:: Description of the task ::
Filter by the string "lparr": return the lines of the material that contain it.
....
(* Let $p$ be an odd prime and $r\ge3$ with $p\nmid r$. Let $\mathcal{M}_1,\dots,\mathcal{M}_m,\mathcal{N}_1,\dots,\mathcal{N}_n$ be irreducible rotary augmented PX maps of length $r$ such that $\mathcal{M}_i\not\cong\mathcal{M}_j$ and $\mathcal{N}_i\not\cong\mathcal{N}_j$ for $i\ne j$. Then $\mathcal{M}_1\times\cdots\times\mathcal{M}_m\cong\mathcal{N}_1\times\cdots\times\mathcal{N}_n$ if and only if $m=n$ and there is a permutation $\sigma$ of $\{1,\dots,n\}$ with $\mathcal{M}_i\cong\mathcal{N}_{\sigma(i)}$ for all $i$.
   Context: A map is a 2-cell embedding of a connected graph (multiple edges allowed, no loops) in a closed orientable surface; it is rotary if its orientation-preserving automorphism group $G$ is arc-transitive, in which case it is isomorphic to $\mathsf{RotaMap}(G,\rho,\tau)$ for some $\rho,\tau$ with $G=\langle\rho,\tau\rangle$, $|\tau|=2$; here $\mathsf{RotaMap}(G,\rho,\tau)$ has vertices, edges, faces the left cosets of $\langle\rho\rangle,\langle\tau\rangle,\langle\rho\tau\rangle$, incidence being nonempty intersection. Direct product: for $\mathcal{M}_i=\mathsf{RotaMap}(G_i,\rho_i,\tau_i)$ and $H=\langle(\rho_1,\dots,\rho_n),(\tau_1,\dots,\tau_n)\rangle\le\prod G_i$, $\prod\mathcal{M}_i=\mathsf{RotaMap}(H,(\rho_i)_i,(\tau_i)_i)$. Augmented PX graph of length $r$: for $s\ge1$, the graph with vertex set $\mathbb{Z}_r\times\mathbb{Z}_p^s$ and edges $\{(i,x_0,\dots,x_{s-1}),(i+1,x_1,\dots,x_s)\}$; the cycle of length $r$ with $p$ parallel edges between adjacent vertices; or the cycle $\mathrm{C}_{pr}$. An augmented PX map of length $r$ is a map with such an underlying graph; a rotary one is irreducible if its arc-regular orientation-preserving automorphism group is isomorphic to $\mathbb{Z}_p^d\rtimes_\psi\mathrm{D}_{2r}$ with $\psi$ irreducible over $\mathbb{F}_p$. *)

theory Defs
  imports "HOL-Algebra.Algebra" "HOL-Computational_Algebra.Primes"
begin

text \<open>A rotary map is given by a presentation (G, rho, tau); the map RotaMap(G,rho,tau).\<close>
type_synonym 'a rmap = "'a monoid \<times> 'a \<times> 'a"

text \<open>(G, rho, tau) presents a rotary map: G finite group generated by rho, tau,
  tau an involution, and no loops (tau not in the vertex stabiliser generated by rho).\<close>
definition rotary_datum :: "'a rmap \<Rightarrow> bool" where
  "rotary_datum M = (case M of (G, \<rho>, \<tau>) \<Rightarrow>
     group G \<and> finite (carrier G) \<and> \<rho> \<in> carrier G \<and> \<tau> \<in> carrier G \<and>
     generate G {\<rho>, \<tau>} = carrier G \<and> \<tau> \<noteq> \<one>\<^bsub>G\<^esub> \<and> \<tau> \<otimes>\<^bsub>G\<^esub> \<tau> = \<one>\<^bsub>G\<^esub> \<and>
     \<tau> \<notin> generate G {\<rho>})"

text \<open>Oriented (dart) maps: darts, rotation R, edge involution L.
  Isomorphism = orientation-preserving map isomorphism.\<close>
type_synonym 'a omap = "'a set \<times> ('a \<Rightarrow> 'a) \<times> ('a \<Rightarrow> 'a)"

definition omap_iso :: "'a omap \<Rightarrow> 'b omap \<Rightarrow> bool" where
  "omap_iso A B = (case A of (D, R, L) \<Rightarrow> case B of (D', R', L') \<Rightarrow>
     (\<exists>f. bij_betw f D D' \<and> (\<forall>x\<in>D. f (R x) = R' (f x) \<and> f (L x) = L' (f x))))"

text \<open>RotaMap(G,rho,tau): arcs are the elements of G; arc g lies at vertex g<rho> on edge g<tau>;
  the next arc around the vertex is g rho, the reverse arc is g tau.\<close>
definition RotaMap :: "'a rmap \<Rightarrow> 'a omap" where
  "RotaMap M = (case M of (G, \<rho>, \<tau>) \<Rightarrow>
     (carrier G, (\<lambda>g. g \<otimes>\<^bsub>G\<^esub> \<rho>), (\<lambda>g. g \<otimes>\<^bsub>G\<^esub> \<tau>)))"

definition rmap_iso :: "'a rmap \<Rightarrow> 'b rmap \<Rightarrow> bool" where
  "rmap_iso M N = omap_iso (RotaMap M) (RotaMap N)"

type_synonym ('v, 'e) mgraph = "'v set \<times> 'e set \<times> ('e \<Rightarrow> 'v set)"

definition mgraph_iso :: "('v, 'e) mgraph \<Rightarrow> ('w, 'f) mgraph \<Rightarrow> bool" where
  "mgraph_iso A B = (case A of (V, E, en) \<Rightarrow> case B of (V', E', en') \<Rightarrow>
     (\<exists>\<phi> \<psi>. bij_betw \<phi> V V' \<and> bij_betw \<psi> E E' \<and> (\<forall>e\<in>E. en' (\<psi> e) = \<phi> ` en e)))"

definition ugraph :: "'a rmap \<Rightarrow> ('a set, 'a set) mgraph" where
  "ugraph M = (case M of (G, \<rho>, \<tau>) \<Rightarrow>
     (let V = (\<Union>g\<in>carrier G. {g <#\<^bsub>G\<^esub> generate G {\<rho>}});
          E = (\<Union>g\<in>carrier G. {g <#\<^bsub>G\<^esub> generate G {\<tau>}})
      in (V, E, (\<lambda>e. {v \<in> V. v \<inter> e \<noteq> {}}))))"

text \<open>Augmented PX graph with parameters p, r, s (Z_r as {0..<r}, Z_p^s as lists of
  length s with entries < p).
  For s = 0 this is the r-cycle with p parallel edges between adjacent vertices.\<close>
definition PX_graph :: "nat \<Rightarrow> nat \<Rightarrow> nat \<Rightarrow> (nat \<times> nat list, nat \<times> nat list) mgraph" where
  "PX_graph p r s =
     ({(i, xs). i < r \<and> length xs = s \<and> set xs \<subseteq> {..<p}},
      {(i, xs). i < r \<and> length xs = Suc s \<and> set xs \<subseteq> {..<p}},
      (\<lambda>(i, xs). {(i, take s xs), (Suc i mod r, drop 1 xs)}))"

definition cycle_graph :: "nat \<Rightarrow> (nat, nat) mgraph" where
  "cycle_graph k = ({..<k}, {..<k}, (\<lambda>j. {j, Suc j mod k}))"

definition augmented_PX_map :: "nat \<Rightarrow> nat \<Rightarrow> 'a rmap \<Rightarrow> bool" where
  "augmented_PX_map p r M =
     (rotary_datum M \<and>
      ((\<exists>s. mgraph_iso (ugraph M) (PX_graph p r s)) \<or> mgraph_iso (ugraph M) (cycle_graph (p * r))))"

text \<open>Dihedral group of order 2r: (i,False) = x^i, (i,True) = x^i y.\<close>
definition dihedral_group :: "nat \<Rightarrow> (nat \<times> bool) monoid" where
  "dihedral_group r =
     \<lparr>carrier = {..<r} \<times> UNIV,
      monoid.mult = (\<lambda>(i, s) (j, t). ((if s then i + (r - j) else i + j) mod r, s \<noteq> t)),
      one = (0, False)\<rparr>"

text \<open>G is isomorphic to Z_p^d semidirect_psi D_2r with psi irreducible over F_p (d >= 1):
  internally, G = K D with K an elementary abelian p-subgroup normal in G, D a complement
  isomorphic to D_2r, and K has no G-invariant subgroup (= F_p D-submodule) other than 1, K.\<close>
definition irreducible_PX_group :: "nat \<Rightarrow> nat \<Rightarrow> 'a monoid \<Rightarrow> bool" where
  "irreducible_PX_group p r G =
     (\<exists>K D. K \<lhd> G \<and> K \<noteq> {\<one>\<^bsub>G\<^esub>} \<and>
        (\<forall>x\<in>K. \<forall>y\<in>K. x \<otimes>\<^bsub>G\<^esub> y = y \<otimes>\<^bsub>G\<^esub> x) \<and>
        (\<forall>x\<in>K. x [^]\<^bsub>G\<^esub> p = \<one>\<^bsub>G\<^esub>) \<and>
        subgroup D G \<and> K \<inter> D = {\<one>\<^bsub>G\<^esub>} \<and> K <#>\<^bsub>G\<^esub> D = carrier G \<and>
        G\<lparr>carrier := D\<rparr> \<cong> dihedral_group r \<and>
        (\<forall>L. L \<lhd> G \<longrightarrow> L \<subseteq> K \<longrightarrow> L = {\<one>\<^bsub>G\<^esub>} \<or> L = K))"

definition irreducible_rotary_augmented_PX_map :: "nat \<Rightarrow> nat \<Rightarrow> 'a rmap \<Rightarrow> bool" where
  "irreducible_rotary_augmented_PX_map p r M =
     (augmented_PX_map p r M \<and> irreducible_PX_group p r (fst M))"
....
:: Problem solution ::
     \<lparr>carrier = {..<r} \<times> UNIV,
        G\<lparr>carrier := D\<rparr> \<cong> dihedral_group r \<and>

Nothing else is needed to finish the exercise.